Task statement: Each line below must be written out exactly as shown.
*** Information ***
(* Let $E\to M$ be a vector bundle of rank at least $n$ equipped with a pseudo-metric $\langle\cdot,\cdot\rangle$ (a nondegenerate symmetric bilinear form). Let $\widehat{u}^1,\dots,\widehat{u}^n\in\Gamma(E)$ be linearly independent over $C^\infty(M)$, and let $\widehat{Z}_1,\dots,\widehat{Z}_n$ be covariant differential operators on $E$ with symbols $\widehat{z}_1,\dots,\widehat{z}_n\in\Gamma(TM)$ satisfying $\langle\widehat{Z}_i(e_1),e_2\rangle+\langle e_1,\widehat{Z}_i(e_2)\rangle=\widehat{z}_i\langle e_1,e_2\rangle$ for all $e_1,e_2\in\Gamma(E)$ and all $i$. Define $$a_E(e)=\sum_i\langle e,\widehat{u}^i\rangle\widehat{z}_i,\quad \mathcal{D}(f)=\sum_i\widehat{z}_i(f)\,\widehat{u}^i,\quad \nabla_{e_1}e_2=\sum_i\langle e_1,\widehat{u}^i\rangle\widehat{Z}_i(e_2),\quad \Delta_{e_2}e_1=\sum_i\langle\widehat{Z}_i(e_1),e_2\rangle\widehat{u}^i,$$ $$e_1\circ e_2=\nabla_{e_1}e_2-\nabla_{e_2}e_1+\Delta_{e_2}e_1=\sum_i\Big(\langle e_1,\widehat{u}^i\rangle\widehat{Z}_i(e_2)-\langle e_2,\widehat{u}^i\rangle\widehat{Z}_i(e_1)+\langle \widehat{Z}_i(e_1),e_2\rangle\widehat{u}^i\Big).$$ Suppose there are functions $C_{ik}^j\in C^\infty(M)$ such that for all $i,j\in\{1,\dots,n\}$: $$\widehat{Z}_i(\widehat{u}^j)=\sum_k C_{ik}^j\widehat{u}^k,\qquad \langle\widehat{u}^i,\widehat{u}^j\rangle=0,\qquad [\widehat{Z}_i,\widehat{Z}_j]=\sum_k\big(C_{ji}^k-C_{ij}^k\big)\widehat{Z}_k.$$ Then for all $e_1,e_2,e_3\in\Gamma(E)$, $$C^\nabla(e_1,e_2)e_3=\nabla_{\Delta_{e_3}e_2}e_1=Q(e_1,e_2,e_3)=\big(\mathcal{D}\langle e_1,e_3\rangle\big)\circ e_2=0,$$ and $(E,\langle\cdot,\cdot\rangle,\circ,a_E)$ is a Courant algebroid.
   Context: A covariant differential operator on $E$ is an $\mathbb{R}$-linear map $\widehat{Z}:\Gamma(E)\to\Gamma(E)$ with a vector field $\widehat{z}$ (its symbol) such that $\widehat{Z}(fe)=f\widehat{Z}(e)+\widehat{z}(f)e$; the commutator $[\widehat{Z}_i,\widehat{Z}_j]=\widehat{Z}_i\widehat{Z}_j-\widehat{Z}_j\widehat{Z}_i$. Note $\langle\mathcal{D}(f),e\rangle=a_E(e)(f)$. The Courant curvature is $C^\nabla(e_1,e_2)=\nabla_{e_1}\nabla_{e_2}-\nabla_{e_2}\nabla_{e_1}-\nabla_{e_1\circ e_2}$ (an operator on $\Gamma(E)$), and $Q(e_1,e_2,e_3)\in\Gamma(E)$ is defined by $\langle Q(e_1,e_2,e_3),t\rangle=\langle C^\nabla(e_1,t)e_2,e_3\rangle+\langle C^\nabla(e_2,t)e_3,e_1\rangle+\langle C^\nabla(e_3,t)e_1,e_2\rangle$ for all $t\in\Gamma(E)$. A Courant algebroid $(E,\langle\cdot,\cdot\rangle,\circ,a_E)$ consists of a pseudo-metric bundle, a bundle map $a_E:E\to TM$ and an $\mathbb{R}$-bilinear bracket $\circ$ on $\Gamma(E)$ such that (i) $a_E(e)\langle h_1,h_2\rangle=\langle e\circ h_1,h_2\rangle+\langle h_1,e\circ h_2\rangle$, (ii) $e\circ e=\tfrac12\mathcal{D}\langle e,e\rangle$ where $\langle\mathcal{D}f,e\rangle=a_E(e)(f)$, and (iii) $e_1\circ(e_2\circ e_3)=(e_1\circ e_2)\circ e_3+e_2\circ(e_1\circ e_3)$, for all sections. *)

theory Defs
  imports Complex_Main
begin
*** End of Information ***
Result:
(* Let $E\to M$ be a vector bundle of rank at least $n$ equipped with a pseudo-metric $\langle\cdot,\cdot\rangle$ (a nondegenerate symmetric bilinear form). Let $\widehat{u}^1,\dots,\widehat{u}^n\in\Gamma(E)$ be linearly independent over $C^\infty(M)$, and let $\widehat{Z}_1,\dots,\widehat{Z}_n$ be covariant differential operators on $E$ with symbols $\widehat{z}_1,\dots,\widehat{z}_n\in\Gamma(TM)$ satisfying $\langle\widehat{Z}_i(e_1),e_2\rangle+\langle e_1,\widehat{Z}_i(e_2)\rangle=\widehat{z}_i\langle e_1,e_2\rangle$ for all $e_1,e_2\in\Gamma(E)$ and all $i$. Define $$a_E(e)=\sum_i\langle e,\widehat{u}^i\rangle\widehat{z}_i,\quad \mathcal{D}(f)=\sum_i\widehat{z}_i(f)\,\widehat{u}^i,\quad \nabla_{e_1}e_2=\sum_i\langle e_1,\widehat{u}^i\rangle\widehat{Z}_i(e_2),\quad \Delta_{e_2}e_1=\sum_i\langle\widehat{Z}_i(e_1),e_2\rangle\widehat{u}^i,$$ $$e_1\circ e_2=\nabla_{e_1}e_2-\nabla_{e_2}e_1+\Delta_{e_2}e_1=\sum_i\Big(\langle e_1,\widehat{u}^i\rangle\widehat{Z}_i(e_2)-\langle e_2,\widehat{u}^i\rangle\widehat{Z}_i(e_1)+\langle \widehat{Z}_i(e_1),e_2\rangle\widehat{u}^i\Big).$$ Suppose there are functions $C_{ik}^j\in C^\infty(M)$ such that for all $i,j\in\{1,\dots,n\}$: $$\widehat{Z}_i(\widehat{u}^j)=\sum_k C_{ik}^j\widehat{u}^k,\qquad \langle\widehat{u}^i,\widehat{u}^j\rangle=0,\qquad [\widehat{Z}_i,\widehat{Z}_j]=\sum_k\big(C_{ji}^k-C_{ij}^k\big)\widehat{Z}_k.$$ Then for all $e_1,e_2,e_3\in\Gamma(E)$, $$C^\nabla(e_1,e_2)e_3=\nabla_{\Delta_{e_3}e_2}e_1=Q(e_1,e_2,e_3)=\big(\mathcal{D}\langle e_1,e_3\rangle\big)\circ e_2=0,$$ and $(E,\langle\cdot,\cdot\rangle,\circ,a_E)$ is a Courant algebroid.
   Context: A covariant differential operator on $E$ is an $\mathbb{R}$-linear map $\widehat{Z}:\Gamma(E)\to\Gamma(E)$ with a vector field $\widehat{z}$ (its symbol) such that $\widehat{Z}(fe)=f\widehat{Z}(e)+\widehat{z}(f)e$; the commutator $[\widehat{Z}_i,\widehat{Z}_j]=\widehat{Z}_i\widehat{Z}_j-\widehat{Z}_j\widehat{Z}_i$. Note $\langle\mathcal{D}(f),e\rangle=a_E(e)(f)$. The Courant curvature is $C^\nabla(e_1,e_2)=\nabla_{e_1}\nabla_{e_2}-\nabla_{e_2}\nabla_{e_1}-\nabla_{e_1\circ e_2}$ (an operator on $\Gamma(E)$), and $Q(e_1,e_2,e_3)\in\Gamma(E)$ is defined by $\langle Q(e_1,e_2,e_3),t\rangle=\langle C^\nabla(e_1,t)e_2,e_3\rangle+\langle C^\nabla(e_2,t)e_3,e_1\rangle+\langle C^\nabla(e_3,t)e_1,e_2\rangle$ for all $t\in\Gamma(E)$. A Courant algebroid $(E,\langle\cdot,\cdot\rangle,\circ,a_E)$ consists of a pseudo-metric bundle, a bundle map $a_E:E\to TM$ and an $\mathbb{R}$-bilinear bracket $\circ$ on $\Gamma(E)$ such that (i) $a_E(e)\langle h_1,h_2\rangle=\langle e\circ h_1,h_2\rangle+\langle h_1,e\circ h_2\rangle$, (ii) $e\circ e=\tfrac12\mathcal{D}\langle e,e\rangle$ where $\langle\mathcal{D}f,e\rangle=a_E(e)(f)$, and (iii) $e_1\circ(e_2\circ e_3)=(e_1\circ e_2)\circ e_3+e_2\circ(e_1\circ e_3)$, for all sections. *)

theory Defs
  imports Complex_Main
begin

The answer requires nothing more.